Objective: In the DePRO study we aim to (1) describe the self-care activities of patients with T2DM using metformin-containing medication; (2) describe the self-reported health status (eg, presence of diabetes complications and quality of life) of these patients; (3) describe associations between self-care activities and demographics and disease characteristics; and (4) assess the usability of the my ePRO app.

Methods: DePRO is an observational, multicenter, cross-sectional, digital, patient-driven study conducted in Germany. Patients with a prescription for a metformin-containing medication will be given a postcard by their pharmacist, which will include a download link for the my ePRO app. In total, 12 diabetes-focused pharmacies, selected to represent urban and rural areas, will be recruited. Participants will use their own mobile device (bring your own device) to download the my ePRO app and access the DePRO study, for which they can register using the 2D matrix code on their medication. An electronic informed consent form will be displayed to the patients and only after giving consent will patients be able to complete the study questionnaires. The PRO instruments used in the study are the Summary of Diabetes Self-Care Activities Scale, the Diabetes Treatment Satisfaction Questionnaire, and the 5 level, 5-dimension EuroQol Questionnaire. Patients will also be asked to complete a questionnaire with items addressing demographics, patient characteristics, disease history, complications, and concomitant medications. Data will be transferred to the study database by the app upon completion of each questionnaire. Statistical analyses of primary and secondary endpoints will be exploratory and descriptive.

Results: Enrollment began in June 2020. The estimated study completion date is December 31, 2020, and the planned sample size is 300 patients.

Conclusions: The DePRO study uses completely digital data collection, including authentication of eligible patients and completion of the study questionnaires. Therefore, the design of the DePRO study represents a substantial advance in the evaluation of the digital capturing of PRO data.

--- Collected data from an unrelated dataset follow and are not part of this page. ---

(* Let $\mathcal{M}$ be a separable metric space, let $f:\mathcal{M}\to\mathcal{M}$ be a continuous bijection with continuous inverse, and let $\mathcal{X}\subseteq\mathcal{M}$ be forward invariant under $f$ and path connected. Consider $x_{k+1}=f(x_k)$ on $\mathcal{X}$, with set of $\omega$-limit sets $\mathcal{W}$ and set of $\alpha$-limit sets $\mathcal{A}$. Suppose: every trajectory in $\mathcal{X}$ is forward precompact or backward precompact in $\mathcal{X}$; $\mathcal{W}\cup\mathcal{A}$ is countable; for every $\Omega\in\mathcal{W}$ there is a trajectory forward precompact in $\mathcal{X}$ starting in $D^+_{\mathcal{X}}(\Omega)$, and for every $\Gamma\in\mathcal{A}$ a trajectory backward precompact in $\mathcal{X}$ starting in $D^-_{\mathcal{X}}(\Gamma)$. If $\mathcal{W}\cup\mathcal{A}$ has more than one element, then there do not exist a separable metric space $\mathcal{Z}$, a continuous bijection $g:\mathcal{Z}\to\mathcal{Z}$ with continuous inverse such that $z_{k+1}=g(z_k)$ and its time reversal $z_{k+1}=g^{-1}(z_k)$ both have closed basins (e.g., an invertible linear system), and a continuous one-to-one map $F:\mathcal{X}\to\mathcal{Z}$ with $F\circ f=g\circ F$ on $\mathcal{X}$.
   Context: Forward orbit of $\xi$: $\{f^k(\xi)\mid k\in\mathbb{N}\}$; backward orbit: $\{f^{-k}(\xi)\mid k\in\mathbb{N}\}$. A set $S\subseteq\mathcal{X}$ is precompact if its closure in $\mathcal{X}$ is compact; a trajectory is forward (backward) precompact if its forward (backward) orbit is precompact. $\omega_{\mathcal{X}}(\xi)$ is the set of $x\in\mathcal{X}$ with $f^{k_j}(\xi)\to x$ for some $k_j\to\infty$; $\alpha_{\mathcal{X}}(\xi)$ likewise with $f^{-k_j}$. $\mathcal{W}=\{\omega_{\mathcal{X}}(\xi)\mid\xi\in\mathcal{X}\}$, $\mathcal{A}=\{\alpha_{\mathcal{X}}(\xi)\mid\xi\in\mathcal{X}\}$, $D^+_{\mathcal{X}}(\Omega)=\{\xi\in\mathcal{X}\mid\omega_{\mathcal{X}}(\xi)=\Omega\}$, $D^-_{\mathcal{X}}(\Gamma)=\{\xi\in\mathcal{X}\mid\alpha_{\mathcal{X}}(\xi)=\Gamma\}$. A system has closed basins if the domain of attraction of each of its $\omega$-limit sets is closed (for a time reversal: each domain of repulsion of each $\alpha$-limit set of the original system is closed). Same notions on $\mathcal{Z}$ for $g$. *)

theory Defs
  imports "HOL-Analysis.Analysis"
begin
(* Let $\Gamma_M$ ($M>0$) be a family of nonatomic routing games with a single OD pair with demand $M$, sharing the same graph, path set $\mathcal P$ and edge costs $(c_e)_{e\in\mathcal E}$. Suppose there exists a path $p\in\mathcal P$ with bounded costs, i.e. $\lim_{x\to\infty}c_e(x)<\infty$ for all $e\in p$. Then $\mathrm{PoA}(\Gamma_M)\to 1$ as $M\to\infty$.
   Context: A nonatomic routing game with a single OD pair consists of a finite directed multigraph with edge set $\mathcal E$, a nonempty finite set $\mathcal P$ of paths from an origin to a destination, a demand $M>0$, and continuous nondecreasing edge costs $c_e:[0,\infty)\to[0,\infty)$. Feasible flows: $f\in\mathbb R_+^{\mathcal P}$ with $\sum_p f_p=M$; loads $x_e=\sum_{p\ni e}f_p$; path costs $c_p(f)=\sum_{e\in p}c_e(x_e)$. A Wardrop equilibrium is a feasible $f^*$ with $c_p(f^* )\le c_{p'}(f^* )$ whenever $f^*_p>0$. Social cost $L(x)=\sum_e x_ec_e(x_e)$; $\mathrm{Opt}$ is its minimum over feasible loads, $\mathrm{Eq}=L(x^* )$ at an equilibrium load, and $\mathrm{PoA}=\mathrm{Eq}/\mathrm{Opt}$; it is assumed throughout that $\mathrm{Opt}>0$ (otherwise $\mathrm{PoA}:=1$). *)

theory Defs
  imports "HOL-Analysis.Analysis"
begin

text \<open>Finite directed multigraph: edges of a finite type 'e, each edge e goes from
  tl_of e to hd_of e.\<close>

definition path_vertices :: "('e \<Rightarrow> 'v) \<Rightarrow> ('e \<Rightarrow> 'v) \<Rightarrow> 'e list \<Rightarrow> 'v list" where
  "path_vertices tl_of hd_of p = map tl_of p @ [hd_of (last p)]"

definition is_od_path :: "('e \<Rightarrow> 'v) \<Rightarrow> ('e \<Rightarrow> 'v) \<Rightarrow> 'v \<Rightarrow> 'v \<Rightarrow> 'e list \<Rightarrow> bool" where
  "is_od_path tl_of hd_of orig dest p \<longleftrightarrow>
     p \<noteq> [] \<and> tl_of (hd p) = orig \<and> hd_of (last p) = dest \<and>
     (\<forall>i. Suc i < length p \<longrightarrow> hd_of (p ! i) = tl_of (p ! Suc i)) \<and>
     distinct (path_vertices tl_of hd_of p)"

definition feasible_flows :: "'e list set \<Rightarrow> real \<Rightarrow> ('e list \<Rightarrow> real) set" where
  "feasible_flows P M = {f. (\<forall>p. p \<notin> P \<longrightarrow> f p = 0) \<and> (\<forall>p\<in>P. 0 \<le> f p) \<and> (\<Sum>p\<in>P. f p) = M}"

definition edge_load :: "'e list set \<Rightarrow> ('e list \<Rightarrow> real) \<Rightarrow> 'e \<Rightarrow> real" where
  "edge_load P f e = (\<Sum>p\<in>{p\<in>P. e \<in> set p}. f p)"

definition path_cost :: "('e \<Rightarrow> real \<Rightarrow> real) \<Rightarrow> 'e list set \<Rightarrow> ('e list \<Rightarrow> real) \<Rightarrow> 'e list \<Rightarrow> real" where
  "path_cost c P f p = (\<Sum>e\<in>set p. c e (edge_load P f e))"

definition wardrop_eq :: "('e \<Rightarrow> real \<Rightarrow> real) \<Rightarrow> 'e list set \<Rightarrow> real \<Rightarrow> ('e list \<Rightarrow> real) \<Rightarrow> bool" where
  "wardrop_eq c P M f \<longleftrightarrow> f \<in> feasible_flows P M \<and>
     (\<forall>p\<in>P. \<forall>q\<in>P. 0 < f p \<longrightarrow> path_cost c P f p \<le> path_cost c P f q)"

definition social_cost :: "('e::finite \<Rightarrow> real \<Rightarrow> real) \<Rightarrow> 'e list set \<Rightarrow> ('e list \<Rightarrow> real) \<Rightarrow> real" where
  "social_cost c P f = (\<Sum>e\<in>UNIV. edge_load P f e * c e (edge_load P f e))"

definition opt_cost :: "('e::finite \<Rightarrow> real \<Rightarrow> real) \<Rightarrow> 'e list set \<Rightarrow> real \<Rightarrow> real" where
  "opt_cost c P M = Inf (social_cost c P ` feasible_flows P M)"

definition eq_cost :: "('e::finite \<Rightarrow> real \<Rightarrow> real) \<Rightarrow> 'e list set \<Rightarrow> real \<Rightarrow> real" where
  "eq_cost c P M = social_cost c P (SOME f. wardrop_eq c P M f)"

text \<open>Price of anarchy, with the convention PoA = 1 when Opt = 0.\<close>
definition PoA :: "('e::finite \<Rightarrow> real \<Rightarrow> real) \<Rightarrow> 'e list set \<Rightarrow> real \<Rightarrow> real" where
  "PoA c P M = (if opt_cost c P M = 0 then 1 else eq_cost c P M / opt_cost c P M)"

end

theory Submission
  imports Defs "HOL-Real_Asymp.Real_Asymp"
begin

Trial Registration: ClinicalTrials.gov NCT04383041; https://clinicaltrials.gov/ct2/show/NCT04383041

International Registered Report Identifier (IRRID): PRR1-10.2196/21727

JMIR Res Protoc 2021;10(1):e21727

doi:10.2196/21727

Keywords



Background

Diabetes mellitus (DM) is one of the most common noncommunicable diseases, with a growing global prevalence which is impacting negatively on the sustainability of health care systems [1]. According to the International Diabetes Federation, DM affected 463 million people globally in 2019, a number forecast to grow to 578 million by 2030 [2]. An estimated 8.5% of the adult population in Europe has DM, with national prevalence rates ranging from 2.4% to almost 15% [3]. DM has a high negative impact on society as a result of the severe comorbidities and complications associated with the disease [4]. Several studies have estimated that 90%-95% of all patients with DM are affected by type 2 DM (T2DM) and that the prevalence of T2DM will continue to increase due to population aging [2,5]. The complications of DM affect patients’ quality of life [6,7] and increase the risk of negative events such as emergency department visits, hospitalization, and death, with consequences for health care costs and the sustainability of health care systems [8]. Clinical recommendations refer to diabetes self-care and self-management as key to preventing disease complications and maintaining patients’ health and quality of life over time [9,10].

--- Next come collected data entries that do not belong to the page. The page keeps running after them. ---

lemma angle_lift_from_winding_number:
  assumes "path g" "0 \<notin> path_image g"
  obtains \<phi> where "angle_lift g \<phi>" "\<phi> 1 - \<phi> 0 = Re (winding_number g 0)"
proof -
  obtain q where q: "path q" "pathfinish q - pathstart q = 2 * of_real pi * \<i> * winding_number g 0"
    "\<And>t. t \<in> {0..1} \<Longrightarrow> g t = 0 + exp (q t)"
    using winding_number_as_continuous_log[OF assms] by blast
  define \<phi> where "\<phi> t = Im (q t) / (2 * pi)" for t
  have "angle_lift g \<phi>"
    unfolding angle_lift_def
  proof (intro conjI ballI)
    show "continuous_on {0..1} \<phi>"
      using q(1) unfolding path_def \<phi>_def by (intro continuous_intros) auto
    fix t :: real assume t: "t \<in> {0..1}"
    have g: "g t = exp (q t)"
      using q(3)[OF t] by simp
    have angle: "exp (\<i> * of_real (Im (q t))) = exp (2 * pi * \<i> * of_real (\<phi> t))"
      by (simp add: \<phi>_def)
    show "g t = of_real (cmod (g t)) * exp (2 * pi * \<i> * of_real (\<phi> t))"
      unfolding g norm_exp_eq_Re angle[symmetric]
      by (subst exp_eq_polar) (simp add: cis_conv_exp)
  qed
  moreover have "\<phi> 1 - \<phi> 0 = Re (winding_number g 0)"
  proof -
    have "Im (q 1 - q 0) = 2 * pi * Re (winding_number g 0)"
      using q(2) by (simp add: pathfinish_def pathstart_def)
    then show ?thesis
      by (simp add: \<phi>_def diff_divide_distrib[symmetric])
  qed
  ultimately show thesis
    using that by blast
qed

lemma angle_lift_diff_eq_winding_number:
  assumes "path g" "0 \<notin> path_image g" "angle_lift g \<phi>"
  shows "\<phi> 1 - \<phi> 0 = Re (winding_number g 0)"
proof -
  obtain \<psi> where "angle_lift g \<psi>" "\<psi> 1 - \<psi> 0 = Re (winding_number g 0)"
    using angle_lift_from_winding_number[OF assms(1,2)] by blast
  moreover have "\<forall>\<tau>\<in>{0..1}. g \<tau> \<noteq> 0"
    using assms(2) by (auto simp: path_image_def)
  ultimately show ?thesis
    using angle_lift_diff_unique[OF assms(3)] by simp
qed

lemma wn_eq_winding_number:
  assumes "path (\<lambda>\<tau>. det (S \<tau>))" "0 \<notin> path_image (\<lambda>\<tau>. det (S \<tau>))"
  shows "wn S = Re (winding_number (\<lambda>\<tau>. det (S \<tau>)) 0)"
proof -
  obtain \<phi> where "angle_lift (\<lambda>\<tau>. det (S \<tau>)) \<phi>"
    using angle_lift_from_winding_number[OF assms] by blast
  then have "(\<exists>\<phi>. angle_lift (\<lambda>\<tau>. det (S \<tau>)) \<phi> \<and> w = \<phi> 1 - \<phi> 0) \<longleftrightarrow>
      w = Re (winding_number (\<lambda>\<tau>. det (S \<tau>)) 0)" for w
    using angle_lift_diff_eq_winding_number[OF assms] by metis
  then show ?thesis
    unfolding wn_def by simp
qed

lemma angle_lift_power:
  assumes "angle_lift g \<phi>"
  shows "angle_lift (\<lambda>\<tau>. g \<tau> ^ n) (\<lambda>\<tau>. n * \<phi> \<tau>)"
  unfolding angle_lift_def
proof (intro conjI ballI)
  show "continuous_on {0..1} (\<lambda>\<tau>. n * \<phi> \<tau>)"
    using assms unfolding angle_lift_def by (intro continuous_intros) auto
  fix t :: real assume "t \<in> {0..1}"
  then have "g t ^ n = (of_real (cmod (g t)) * exp (2 * pi * \<i> * of_real (\<phi> t))) ^ n"
    using assms unfolding angle_lift_def by metis
  also have "\<dots> = of_real (cmod (g t ^ n)) * exp (of_nat n * (2 * pi * \<i> * of_real (\<phi> t)))"
    by (simp add: power_mult_distrib norm_power exp_of_nat_mult)
  finally show "g t ^ n = of_real (cmod (g t ^ n)) * exp (2 * pi * \<i> * of_real (n * \<phi> t))"
    by (simp add: mult_ac)
qed

lemma Re_winding_number_power:
  assumes "path g" "0 \<notin> path_image g"
  shows "Re (winding_number (\<lambda>\<tau>. g \<tau> ^ n) 0) = n * Re (winding_number g 0)"
proof -
  obtain \<phi> where \<phi>: "angle_lift g \<phi>" "\<phi> 1 - \<phi> 0 = Re (winding_number g 0)"
    using angle_lift_from_winding_number[OF assms] by blast
  have "path (\<lambda>\<tau>. g \<tau> ^ n)"
    using assms(1) unfolding path_def by (intro continuous_intros)
  moreover have "0 \<notin> path_image (\<lambda>\<tau>. g \<tau> ^ n)"
    using assms(2) by (auto simp: path_image_def)
  ultimately have "n * \<phi> 1 - n * \<phi> 0 = Re (winding_number (\<lambda>\<tau>. g \<tau> ^ n) 0)"
    using angle_lift_diff_eq_winding_number angle_lift_power[OF \<phi>(1)] by blast
  then show ?thesis
    using \<phi>(2) by (metis right_diff_distrib)
qed

lemma homotopic_loops_det_diagonal_power:
  fixes S :: "real \<Rightarrow> complex^'n^'n"
  assumes S: "continuous_on {0..1} S" "S 0 = S 1"
    and W: "\<forall>\<tau>\<in>{0..1}. 0 \<notin> numerical_range (S \<tau>)"
  shows "homotopic_loops (- {0}) (\<lambda>\<tau>. det (S \<tau>)) (\<lambda>\<tau>. (S \<tau> $ k $ k) ^ CARD('n))"
  unfolding homotopic_loops
proof (intro exI conjI ballI)
  define H where "H p = det ((1 - fst p) *\<^sub>R S (snd p) + mat (of_real (fst p) * S (snd p) $ k $ k))"
    for p :: "real \<times> real"
  have S_snd: "continuous_on ({0..1} \<times> {0..1}) (\<lambda>p. S (snd p))"
    by (rule continuous_on_compose2[OF S(1) continuous_on_snd]) auto
  show "continuous_on ({0..1} \<times> {0..1}) H"
    unfolding H_def
  proof (rule continuous_on_det)
    fix i j
    show "continuous_on ({0..1} \<times> {0..1}) (\<lambda>p. ((1 - fst p) *\<^sub>R S (snd p) +
        mat (of_real (fst p) * S (snd p) $ k $ k)) $ i $ j)"
      by (cases "i = j") (simp_all add: mat_def, (intro continuous_intros S_snd)+)
  qed
  show "H \<in> {0..1} \<times> {0..1} \<rightarrow> - {0}"
    using W det_segment_to_scalar_matrix_nonzero[OF _ diagonal_entry_in_numerical_range]
    by (force simp: H_def)
  show "H (0, \<tau>) = det (S \<tau>)" for \<tau>
    by (simp add: H_def)
  show "H (1, \<tau>) = (S \<tau> $ k $ k) ^ CARD('n)" for \<tau>
    by (simp add: H_def det_mat)
  show "pathfinish (H \<circ> Pair t) = pathstart (H \<circ> Pair t)" for t
    by (simp add: H_def pathfinish_def pathstart_def S(2))
qed

theorem mainTheorem1:
  fixes S :: "real \<Rightarrow> complex^'m^'m"
  assumes "continuous_on {0..1} S"
    and "S 0 = S 1"
    and "\<forall>\<tau>\<in>{0..1}. det (S \<tau>) \<noteq> 0"
    and "\<not> (\<exists>k::int. wn S = real_of_int (int CARD('m) * k))"
  shows "\<exists>\<tau>0\<in>{0..1}. 0 \<in> numerical_range (S \<tau>0)"
proof (rule ccontr)
  assume "\<not> ?thesis"
  then have W: "\<forall>\<tau>\<in>{0..1}. 0 \<notin> numerical_range (S \<tau>)"
    by blast
  \<comment> \<open>Any diagonal entry serves as the scalar endpoint of the homotopy.\<close>
  fix k :: 'm
  define c where "c \<tau> = S \<tau> $ k $ k" for \<tau>
  have hom: "homotopic_loops (- {0}) (\<lambda>\<tau>. det (S \<tau>)) (\<lambda>\<tau>. c \<tau> ^ CARD('m))"
    unfolding c_def by (rule homotopic_loops_det_diagonal_power[OF assms(1,2) W])
  have "path c"
    unfolding path_def c_def by (intro continuous_intros assms(1))
  moreover have "pathfinish c = pathstart c"
    by (simp add: c_def pathfinish_def pathstart_def assms(2))
  moreover have "0 \<notin> path_image c"
  proof -
    have "c \<tau> \<in> numerical_range (S \<tau>)" for \<tau>
      unfolding c_def by (rule diagonal_entry_in_numerical_range)
    then show ?thesis
      using W unfolding path_image_def by (metis imageE)
  qed
  ultimately obtain n :: int where n: "winding_number c 0 = n"
    using integer_winding_number Ints_cases by metis
  have "wn S = Re (winding_number (\<lambda>\<tau>. det (S \<tau>)) 0)"
    using homotopic_loops_imp_path[OF hom] homotopic_loops_imp_subset[OF hom]
    by (intro wn_eq_winding_number) auto
  also have "\<dots> = Re (winding_number (\<lambda>\<tau>. c \<tau> ^ CARD('m)) 0)"
    using winding_number_homotopic_loops[OF hom] by simp
  also have "\<dots> = CARD('m) * n"
    using Re_winding_number_power[OF \<open>path c\<close> \<open>0 \<notin> path_image c\<close>] n by simp
  finally show False
    using assms(4) by metis
qed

Assessment of psychosocial functioning and health-related quality of life has gained prominence in the care and treatment of patients with diabetes over the past decade. This has resulted in the development of a variety of diabetes-specific measures covering multiple aspects of patients’ psychological state, behavior, and treatment satisfaction. These include, for example, the Summary of Diabetes Self-Care Activities Scale (SDSCA) and the Diabetes Treatment Satisfaction Questionnaire (DTSQ) [11,12].

It has been estimated that there were 6.9 million patients with T2DM in Germany in 2015 [13]. The recommended initial treatment for patients with T2DM is metformin [14]; in 2018, a total of 606 million daily doses of metformin were prescribed in Germany, corresponding to 160 different medications provided by 25 marketing authorization holders [15].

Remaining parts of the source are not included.